I nod and adjust the two stars in the Big Dipper’s bowl to better point to Polaris, then start creating the Pleiades so that they line up as they should be with the bottom of the Big Dipper’s bowl. I can’t leave out the Seven Sisters.

“And there’s not much we can do for you during a migraine attack beyond giving you a place to lie down in comfort.”

Nope, nothing, nada, I think. I’ve tried everything, but nothing has worked. Not changing what I eat, how much water I drink, or when I sleep. I’ve even tried stuff like yoga, to lower stress, and acupuncture, where someone pokes teeny-tiny needles into your skin. Yoga just made me feel like a clumsy pretzel, and acupuncture did nothing but creep me out. And the medicines kids can try didn’t work for me. Someday, when my body is bigger, there will be a lot more medicines I can try. But for a few more years, I’m out of luck.
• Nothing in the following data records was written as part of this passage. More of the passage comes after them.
lemma Game_in_deadEndsFrom:
  assumes "L \<noteq> {||}" "R \<noteq> {||}" "fset L \<subseteq> deadEndsFrom A" "fset R \<subseteq> deadEndsFrom A"
  shows "Game L R \<in> deadEndsFrom A"
proof (rule deadEndsFromI)
  have options: "y \<in> deadEndsFrom A" if "isOption y (Game L R)" for y
    using that assms(3,4) unfolding isOption_def by auto
  show "h \<in> A" if "isSubposition h (Game L R)" "leftDeadEnd h" for h
    using that(1)
  proof (cases rule: isSubpositionE)
    case (2 y)
    then show ?thesis using options deadEndsFromD(1) that(2) by blast
  qed (use that(2) not_leftDeadEnd_Game[OF assms(1)] in simp)
  show "conjugate h \<in> A" if "isSubposition h (Game L R)" "rightDeadEnd h" for h
    using that(1)
  proof (cases rule: isSubpositionE)
    case (2 y)
    then show ?thesis using options deadEndsFromD(2) that(2) by blast
  qed (use that(2) not_rightDeadEnd_Game[OF assms(2)] in simp)
qed

lemma universe_deadEndsFrom:
  assumes "closedUnderSums A"
  shows "universe (deadEndsFrom A)"
  unfolding universe_def
  using closedUnderOptions_deadEndsFrom closedUnderConjugates_deadEndsFrom
    closedUnderSums_deadEndsFrom[OF assms] Game_in_deadEndsFrom
  by simp

lemma subset_deadEndsFrom:
  assumes "closedUnderOptions A" "A \<subseteq> LeftDeadEnds"
  shows "A \<subseteq> deadEndsFrom A"
proof (intro subsetI deadEndsFromI)
  fix g h
  assume "g \<in> A" "isSubposition h g"
  then have h: "h \<in> A" by (rule isSubposition_closedUnderOptions[OF assms(1)])
  then show "h \<in> A" .
  show "conjugate h \<in> A" if "rightDeadEnd h"
    using h assms(2) leftDeadEnd_rightDeadEnd_zero[OF _ that]
    unfolding LeftDeadEnds_def by auto
qed

lemma deadEndsFrom_Int_LeftDeadEnds: "deadEndsFrom A \<inter> LeftDeadEnds \<subseteq> A"
  unfolding LeftDeadEnds_def by (blast dest: deadEndsFromD(1)[OF _ isSubposition_refl])

lemma universeClosure_least: "universe U \<Longrightarrow> A \<subseteq> U \<Longrightarrow> universeClosure A \<subseteq> U"
  unfolding universeClosure_def by blast

lemma subset_universeClosure: "A \<subseteq> universeClosure A"
  unfolding universeClosure_def by blast

theorem mainTheorem11:
  fixes A :: "game set"
  assumes "simplyClosed A"
    and "A \<subseteq> LeftDeadEnds"
  shows "universeClosure A \<inter> LeftDeadEnds = A"
proof -
  from assms(1) have options: "closedUnderOptions A" and sums: "closedUnderSums A"
    unfolding simplyClosed_def by simp_all
  have "universeClosure A \<subseteq> deadEndsFrom A"
    using universe_deadEndsFrom[OF sums] subset_deadEndsFrom[OF options assms(2)]
    by (rule universeClosure_least)
  then show ?thesis
    using deadEndsFrom_Int_LeftDeadEnds subset_universeClosure assms(2) by blast
qed

end
lemma tau_trans:
  assumes "a \<in> mterms n s" "b \<in> mterms n s" "c \<in> mterms n s" "tau a b" "tau b c"
  shows "tau a c"
proof -
  have lifts: "lift a \<in> mterms n r" "lift b \<in> mterms n r" "lift c \<in> mterms n r"
    using assms(1-3) by (simp_all add: lift_in_mterms)
  have strict: "le (lift a) (lift c) \<and> lift a \<noteq> lift c"
    if "le (lift a) (lift b)" "lift a \<noteq> lift b" "le (lift b) (lift c)"
  proof
    show "le (lift a) (lift c)" using that ordering_trans[OF lifts] by blast
    show "lift a \<noteq> lift c"
    proof
      assume "lift a = lift c"
      then have "le (lift b) (lift a)" using that(3) by simp
      then show False using that(1,2) ordering_antisym[OF lifts(1,2)] by blast
    qed
  qed
  from assms(4,5) strict show ?thesis
    unfolding tau_le_iff by auto
qed

lemma tau_total:
  assumes "a \<in> mterms n s" "b \<in> mterms n s"
  shows "tau a b \<or> tau b a"
proof (cases "lift a = lift b")
  case True
  then show ?thesis unfolding tau_le_iff by (simp add: nat_le_linear)
next
  case False
  then show ?thesis
    using ordering_total[OF lift_in_mterms[OF assms(1)] lift_in_mterms[OF assms(2)]]
    unfolding tau_le_iff by auto
qed
(* Let $\alpha_i,\beta_i,\gamma_i,\delta_i\in(0,\pi)$, $i=1,\dots,4$. Replace, for all $i=1,\dots,4$, the numbers $\alpha_i,\beta_i,\gamma_i,\delta_i$ by $\pi-\alpha_i,\pi-\beta_i,\pi-\gamma_i,\pi-\delta_i$. This replacement preserves the values $M_i,r_i,s_i,f_i$ (whenever defined), and preserves each of the following conditions: (E) $\alpha_i\pm\beta_i\pm\gamma_i\pm\delta_i\not\equiv0\pmod{2\pi}$ for all sign choices; (C1) $M_1=M_2=M_3=M_4$; (C2) $r_1=r_2$, $s_1=s_4$, $r_3=r_4$, $s_2=s_3$; (C3) $t_1+e_1t_2+e_2t_3+e_3t_4\in\Lambda$ for some $e_1,e_2,e_3\in\{\pm1\}$.
   Context: $\sigma_i=(\alpha_i+\beta_i+\gamma_i+\delta_i)/2$, $\overline{\alpha}_i=\sigma_i-\alpha_i$, etc.; $a_i=\sin\alpha_i/\sin\overline{\alpha}_i$, $b_i=\sin\beta_i/\sin\overline{\beta}_i$, $c_i=\sin\gamma_i/\sin\overline{\gamma}_i$, $d_i=\sin\delta_i/\sin\overline{\delta}_i$, $M_i=a_ib_ic_id_i$, $r_i=a_id_i$, $s_i=c_id_i$, $f_i=a_ic_i$. When $M:=M_1=\dots=M_4$: $k=\sqrt{1-M}$ if $M<1$, $k=\sqrt{1-M^{-1}}$ if $M>1$; $k'=\sqrt{1-k^2}$; $K=\int_0^1\frac{dx}{\sqrt{(1-x^2)(1-k^2x^2)}}$, $K'=\int_0^1\frac{dx}{\sqrt{(1-x^2)(1-k'^2x^2)}}$; $\Lambda=\{4Km+2\mathbf{i}K'n\}_{m,n\in\mathbb{Z}}$ if $M<1$, $\Lambda=\{4Km+(2K+2\mathbf{i}K')n\}_{m,n\in\mathbb{Z}}$ if $M>1$; $p_i=\sqrt{r_i-1}$, $q_i=\sqrt{s_i-1}$, each in $\mathbb{R}_{>0}\cup\mathbf{i}\mathbb{R}_{>0}$; $t_i$ is the complex number with $\operatorname{dn}(t_i,k)=\sqrt{f_i}$ if $M<1$, $=1/\sqrt{f_i}$ if $M>1$, on the open segment: if $\sigma_i<\pi$: $(0,\mathbf{i}K')$ when $p_iq_i>0$, $(K,K+\mathbf{i}K')$ when $p_iq_i\in\mathbf{i}\mathbb{R}_{>0}$, $(2K,2K+\mathbf{i}K')$ when $p_iq_i<0$; if $\sigma_i>\pi$: respectively $(2K,2K+\mathbf{i}K')$, $(3K,3K+\mathbf{i}K')$, $(0,\mathbf{i}K')$. *)

theory Defs
  imports "HOL-Analysis.Analysis"
begin
(* In the full-observability model (see context), fix $m$, $\lambda,\gamma>0$, the $p_I(k,\mathcal{T})$, $u\ge m\max\{\lambda,\gamma\}$, assume $\mathbf{P}^{0}$ irreducible with stationary distribution $\boldsymbol{\pi}^{0}$, and let $\tau_\eta\in\mathbb{R}$. Fix $\hat{\mathbf{p}}=(\hat p_R,\hat p_J)\in(0,1]^2$ at which $\mathbf{P}^{1}(\hat{\mathbf{p}})$ is irreducible, let $\boldsymbol{\pi}^{1}(\mathbf{p})$ denote the (row-vector) stationary distribution of $\mathbf{P}^{1}(\mathbf{p})$ and $\mathbf{J}(\hat{\mathbf{p}})\in\mathbb{R}^{2\times 2^m}$ its Jacobian with respect to $\mathbf{p}=(p_R,p_J)$ at $\hat{\mathbf{p}}$, and define the first-order approximation $\boldsymbol{\pi}^{1}_{\rm ts}(\mathbf{p})=\boldsymbol{\pi}^{1}(\hat{\mathbf{p}})+(\mathbf{p}-\hat{\mathbf{p}})\mathbf{J}(\hat{\mathbf{p}})$. Let $\mathbf{t}\in\{0,1\}^{2^m}$ be the indicator vector of the collision states $\mathcal{S}_3=\{\mathcal{T}\in\mathcal{S}:1\in\mathcal{T},|\mathcal{T}|>1\}$. Then the optimization problem $$\min_{\mathbf{p}\in[0,1]^2} I(p_R,p_J)\quad\text{subject to}\quad \boldsymbol{\pi}^{1}_{\rm ts}(\mathbf{p})\,\mathbf{t}\ge\tau_\eta\,\boldsymbol{\pi}^{0}\mathbf{t}$$ is a convex optimization problem (convex objective over a convex feasible set).
   Context: Full-observability model: $m$ stations indexed by $[m]$; station 1 is the station under test. State space $\mathcal{S}$ = all subsets $\mathcal{T}\subseteq[m]$. Given $p_I(k,\mathcal{T})\in[0,1]$ for $k\notin\mathcal{T}$. Rate matrix $\mathbf{Q}^{0}$: $q^{0}_{\mathcal{T},\mathcal{T}\cup\{k\}}=\lambda p_I(k,\mathcal{T})$ ($k\notin\mathcal{T}$), $q^{0}_{\mathcal{T},\mathcal{T}\setminus\{k\}}=\gamma$ ($k\in\mathcal{T}$), other off-diagonals $0$, rows summing to $0$. $\mathbf{Q}^{1}(p_R,p_J)$ equals $\mathbf{Q}^{0}$ except $q^{1}_{\mathcal{T},\mathcal{T}\cup\{1\}}=\lambda(p_R p_I(1,\mathcal{T})+p_J(1-p_I(1,\mathcal{T})))$ for $1\notin\mathcal{T}$ (rows summing to $0$). $\mathbf{P}^{b}=\mathbf{I}+\mathbf{Q}^{b}/u$ with entries $p^{b}_{i,j}$. The objective is $I(p_R,p_J)=\sum_{i,j}\pi^{0}_i p^{0}_{i,j}\ln(p^{0}_{i,j}/p^{1}_{i,j}(p_R,p_J))$ with $0\ln(0/q)=0$, $p\ln(p/0)=+\infty$ for $p>0$. *)

theory Defs
  imports "HOL-Analysis.Analysis"
begin

text \<open>States: subsets of the station set {1..m}; vectors are functions on states,
  matrices are functions of two states; everything is restricted to the finite
  state space explicitly.\<close>

definition states :: "nat \<Rightarrow> nat set set" where
  "states m = Pow {1..m}"

definition q0_off :: "nat \<Rightarrow> real \<Rightarrow> real \<Rightarrow> (nat \<Rightarrow> nat set \<Rightarrow> real)
    \<Rightarrow> nat set \<Rightarrow> nat set \<Rightarrow> real" where
  "q0_off m lam gam pI T T' =
     (if \<exists>k\<in>{1..m}. k \<notin> T \<and> T' = insert k T then lam * pI (the_elem (T' - T)) T
      else if \<exists>k\<in>T. T' = T - {k} then gam
      else 0)"

definition q1_off :: "nat \<Rightarrow> real \<Rightarrow> real \<Rightarrow> (nat \<Rightarrow> nat set \<Rightarrow> real)
    \<Rightarrow> real \<times> real \<Rightarrow> nat set \<Rightarrow> nat set \<Rightarrow> real" where
  "q1_off m lam gam pI p T T' =
     (if 1 \<notin> T \<and> T' = insert 1 T
      then lam * (fst p * pI 1 T + snd p * (1 - pI 1 T))
      else q0_off m lam gam pI T T')"

definition rate_matrix :: "nat set set \<Rightarrow> (nat set \<Rightarrow> nat set \<Rightarrow> real)
    \<Rightarrow> nat set \<Rightarrow> nat set \<Rightarrow> real" where
  "rate_matrix S off T T' =
     (if T = T' then - (\<Sum>T''\<in>S - {T}. off T T'') else off T T')"

definition unif :: "real \<Rightarrow> (nat set \<Rightarrow> nat set \<Rightarrow> real) \<Rightarrow> nat set \<Rightarrow> nat set \<Rightarrow> real" where
  "unif u Q T T' = (if T = T' then 1 else 0) + Q T T' / u"

definition P0 :: "nat \<Rightarrow> real \<Rightarrow> real \<Rightarrow> (nat \<Rightarrow> nat set \<Rightarrow> real) \<Rightarrow> real
    \<Rightarrow> nat set \<Rightarrow> nat set \<Rightarrow> real" where
  "P0 m lam gam pI u = unif u (rate_matrix (states m) (q0_off m lam gam pI))"

definition P1 :: "nat \<Rightarrow> real \<Rightarrow> real \<Rightarrow> (nat \<Rightarrow> nat set \<Rightarrow> real) \<Rightarrow> real
    \<Rightarrow> real \<times> real \<Rightarrow> nat set \<Rightarrow> nat set \<Rightarrow> real" where
  "P1 m lam gam pI u p = unif u (rate_matrix (states m) (q1_off m lam gam pI p))"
I’ve almost got all the star stickers arranged for the Pleiades, which actually takes more than seven stars. People think there are just seven stars in the cluster because of the Seven Sisters name, but the Greek myth is about nine stars: seven sisters and two parents. I stick the seventh sister star in place and am about to get up when the stars flash. I rub my eyes and look again. Now they glow steadily brighter, the intensity of their light increasing until a beam erupts out of them and shines like a spotlight on the edge of the bunk. There, I see what seems to be a corner torn from a piece of paper. Something printed, like maybe a newsletter. I read the few lines and realize they’re part of a poem.

“Why do the Pleiades want me to have a poem?” I clap my hand over my mouth, mortified to realize I said the words out loud.

“What was that?” Nurse R-J looks up from where she’d been scanning Mom’s email.

Zip it, Quinn. I do not need Nurse R-J to think I believe stars are trying to talk to me. I put the scrap of a poem in my pocket and get up to leave.

“Just that I’d better get to my next class.”

“Okay, then,” Nurse R-J says, handing me a bat-shaped sticky note. “Give this to your next teacher so they don’t mark you tardy. You just come on down to see me whenever your head hurts and have yourself a little lie down until it all passes. I’ve got a drawer here with things that might help you. You’re welcome to anything in here, anytime.”

Nurse R-J pulls open the bottom drawer of her desk. I peek in and see a satin sleep mask embroidered with closed eyes and long, dramatic eyelashes; a box of foam ear plugs; several packages of adhesive cooling pads designed to stick to your forehead; a six-pack of Gatorade; and a big box of Famous Amos mini chocolate chip cookies. That makes me smile. Nurse R-J may have only just met me, but she already gets me.